(* Let $\{G_i\}$ be a family of connected graphs with common induced subgraph $J$, embedded as $J_i\subseteq G_i$, and let $H=\amalg\{(G_i|J_i)\}$. If $a\in V(H)$ and $uv\in\parallel(J_i:G_i)$ satisfy $d_H(a,u)\neq d_H(a,v)$, then $a\in V(G_i-J_i)$.
   Context: All graphs are finite, simple, non-null and connected; $d_G$ is shortest-path distance in $G$. $J$ is a common induced subgraph of each $G_i$ via injective maps $\iota_i:V(J)\to V(G_i)$ with $\iota_i(x)\iota_i(y)\in E(G_i)$ iff $xy\in E(J)$; $J_i$ is the subgraph of $G_i$ induced by $\iota_i(V(J))$. The $J$-amalgamation $H=\amalg\{(G_i|J_i)\}$ is obtained from the disjoint union of the $G_i$ by identifying, for each $x\in V(J)$, all vertices $\iota_i(x)$ into a single vertex; each $G_i$ is regarded as a subgraph of $H$, so $V(H)=V(J)\cup\bigcup_iV(G_i-J_i)$. $\parallel(J_i:G_i)$ denotes the set of edges $uv$ of $G_i-J_i$ (both ends outside $V(J_i)$) such that $d_{G_i}(w,u)=d_{G_i}(w,v)$ for every $w\in V(J_i)$. *)

theory Defs
  imports Main
begin

definition graph :: "'v set \<Rightarrow> ('v \<times> 'v) set \<Rightarrow> bool" where
  "graph V E \<longleftrightarrow> finite V \<and> E \<subseteq> V \<times> V \<and> sym E \<and> irrefl E"

definition walk :: "'v set \<Rightarrow> ('v \<times> 'v) set \<Rightarrow> 'v list \<Rightarrow> bool" where
  "walk V E xs \<longleftrightarrow> xs \<noteq> [] \<and> set xs \<subseteq> V \<and>
     (\<forall>k. Suc k < length xs \<longrightarrow> (xs ! k, xs ! Suc k) \<in> E)"

definition connected_graph :: "'v set \<Rightarrow> ('v \<times> 'v) set \<Rightarrow> bool" where
  "connected_graph V E \<longleftrightarrow> graph V E \<and> V \<noteq> {} \<and>
     (\<forall>u\<in>V. \<forall>v\<in>V. \<exists>xs. walk V E xs \<and> hd xs = u \<and> last xs = v)"

definition dist :: "'v set \<Rightarrow> ('v \<times> 'v) set \<Rightarrow> 'v \<Rightarrow> 'v \<Rightarrow> nat" where
  "dist V E u v = (LEAST n. \<exists>xs. walk V E xs \<and> hd xs = u \<and> last xs = v \<and> length xs = Suc n)"

text \<open>Vertices of H are
Inl x for x \<in> VJ (the identified copies) and Inr (i, v) for v \<in> V(G_i - J_i).\<close>

definition amalg_emb :: "'j set \<Rightarrow> ('i \<Rightarrow> 'j \<Rightarrow> 'v) \<Rightarrow> 'i \<Rightarrow> 'v \<Rightarrow> 'j + ('i \<times> 'v)" where
  "amalg_emb VJ \<iota> i v =
     (if v \<in> \<iota> i ` VJ then Inl (the_inv_into VJ (\<iota> i) v) else Inr (i, v))"

definition amalg_V :: "'i set \<Rightarrow> ('i \<Rightarrow> 'v set) \<Rightarrow> 'j set \<Rightarrow> ('i \<Rightarrow> 'j \<Rightarrow> 'v)
    \<Rightarrow> ('j + ('i \<times> 'v)) set" where
  "amalg_V I V VJ \<iota> = Inl ` VJ \<union> (\<Union>i\<in>I. amalg_emb VJ \<iota> i ` V i)"

definition amalg_E :: "'i set \<Rightarrow> ('i \<Rightarrow> ('v \<times> 'v) set) \<Rightarrow> 'j set \<Rightarrow> ('i \<Rightarrow> 'j \<Rightarrow> 'v)
    \<Rightarrow> (('j + ('i \<times> 'v)) \<times> ('j + ('i \<times> 'v))) set" where
  "amalg_E I E VJ \<iota> =
     (\<Union>i\<in>I. (\<lambda>(u, v). (amalg_emb VJ \<iota> i u, amalg_emb VJ \<iota> i v)) ` E i)"

definition par_edges :: "'j set \<Rightarrow> ('j \<Rightarrow> 'v) \<Rightarrow> 'v set \<Rightarrow> ('v \<times> 'v) set \<Rightarrow> ('v \<times> 'v) set" where
  "par_edges VJ \<iota>i Vi Ei =
     {(u, v) \<in> Ei. u \<notin> \<iota>i ` VJ \<and> v \<notin> \<iota>i ` VJ \<and>
        (\<forall>w\<in>\<iota>i ` VJ. dist Vi Ei w u = dist Vi Ei w v)}"

end

theory Submission imports Defs begin

text \<open>Let a be a vertex of H outside G_i - J_i. A walk from a to a vertex x of G_i - J_i
enters G_i - J_i for the last time from some vertex w of J, and from there on it is a walk
of G_i. Hence d_H(a, x) is the minimum over w in J of d_H(a, w) + d_G_i(w, x), so two
vertices of G_i - J_i that are equidistant in G_i from every vertex of J_i are also
equidistant from a in H.\<close>

definition reachable :: "'v set \<Rightarrow> ('v \<times> 'v) set \<Rightarrow> 'v \<Rightarrow> 'v \<Rightarrow> bool" where
  "reachable V E p q \<longleftrightarrow> (\<exists>xs. walk V E xs \<and> hd xs = p \<and> last xs = q)"

lemma walk_single [simp]: "walk V E [x] \<longleftrightarrow> x \<in> V"
  by (simp add: walk_def)

lemma walk_Cons_Cons:
  "walk V E (x # y # zs) \<longleftrightarrow> x \<in> V \<and> (x, y) \<in> E \<and> walk V E (y # zs)"
  by (auto simp: walk_def less_Suc_eq_0_disj)

lemma walk_append_iff:
  assumes "xs \<noteq> []" "ys \<noteq> []"
  shows "walk V E (xs @ ys) \<longleftrightarrow> walk V E xs \<and> walk V E ys \<and> (last xs, hd ys) \<in> E"
  using assms(1)
proof (induction xs rule: list_nonempty_induct)
  case (single x)
  then show ?case using assms(2) by (cases ys) (auto simp: walk_Cons_Cons)
next
  case (cons x xs)
  then show ?case by (cases xs) (auto simp: walk_Cons_Cons)
qed

lemma walk_join:
  assumes "walk V E xs" "walk V E ys" "last xs = hd ys"
  shows "walk V E (xs @ tl ys)" and "hd (xs @ tl ys) = hd xs" and "last (xs @ tl ys) = last ys"
proof -
  have ne: "xs \<noteq> []" "ys \<noteq> []" using assms(1,2) by (auto simp: walk_def)
  then show "hd (xs @ tl ys) = hd xs" "last (xs @ tl ys) = last ys"
    using assms(3) by (cases ys; auto simp: last_append)+
  show "walk V E (xs @ tl ys)"
  proof (cases "tl ys = []")
    case False
    have "walk V E (tl ys) \<and> (hd ys, hd (tl ys)) \<in> E"
      using assms(2) ne(2) walk_append_iff[of "[hd ys]" "tl ys"] False by (cases ys) auto
    then show ?thesis using assms(1,3) ne(1) False walk_append_iff[of xs "tl ys"] by auto
  qed (use assms(1) in simp)
qed

lemma walk_map:
  assumes "walk V E xs" "\<And>x. x \<in> V \<Longrightarrow> f x \<in> V'" "\<And>p q. (p, q) \<in> E \<Longrightarrow> (f p, f q) \<in> E'"
  shows "walk V' E' (map f xs)"
  using assms unfolding walk_def by auto

lemma dist_le_walk:
  assumes "walk V E xs" "hd xs = p" "last xs = q"
  shows "dist V E p q \<le> length xs - 1"
  unfolding dist_def by (rule Least_le) (use assms in \<open>auto simp: walk_def\<close>)

lemma shortest_walk:
  assumes "reachable V E p q"
  obtains xs where "walk V E xs" "hd xs = p" "last xs = q" "length xs = Suc (dist V E p q)"
proof -
  obtain xs where "walk V E xs" "hd xs = p" "last xs = q"
    using assms unfolding reachable_def by blast
  then have "\<exists>n ys. walk V E ys \<and> hd ys = p \<and> last ys = q \<and> length ys = Suc n"
    by (intro exI[of _ "length xs - 1"] exI[of _ xs]) (auto simp: walk_def)
  then show ?thesis
    using that LeastI_ex[where P = "\<lambda>n. \<exists>ys. walk V E ys \<and> hd ys = p \<and> last ys = q \<and> length ys = Suc n"]
    unfolding dist_def by blast
qed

• [WHAT TO WORK ON]: Copy every line of the data that carries the word "subseteq".

• [YOUR SOLUTION]:
(* Let $\{G_i\}$ be a family of connected graphs with common induced subgraph $J$, embedded as $J_i\subseteq G_i$, and let $H=\amalg\{(G_i|J_i)\}$. If $a\in V(H)$ and $uv\in\parallel(J_i:G_i)$ satisfy $d_H(a,u)\neq d_H(a,v)$, then $a\in V(G_i-J_i)$.
  "graph V E \<longleftrightarrow> finite V \<and> E \<subseteq> V \<times> V \<and> sym E \<and> irrefl E"
  "walk V E xs \<longleftrightarrow> xs \<noteq> [] \<and> set xs \<subseteq> V \<and>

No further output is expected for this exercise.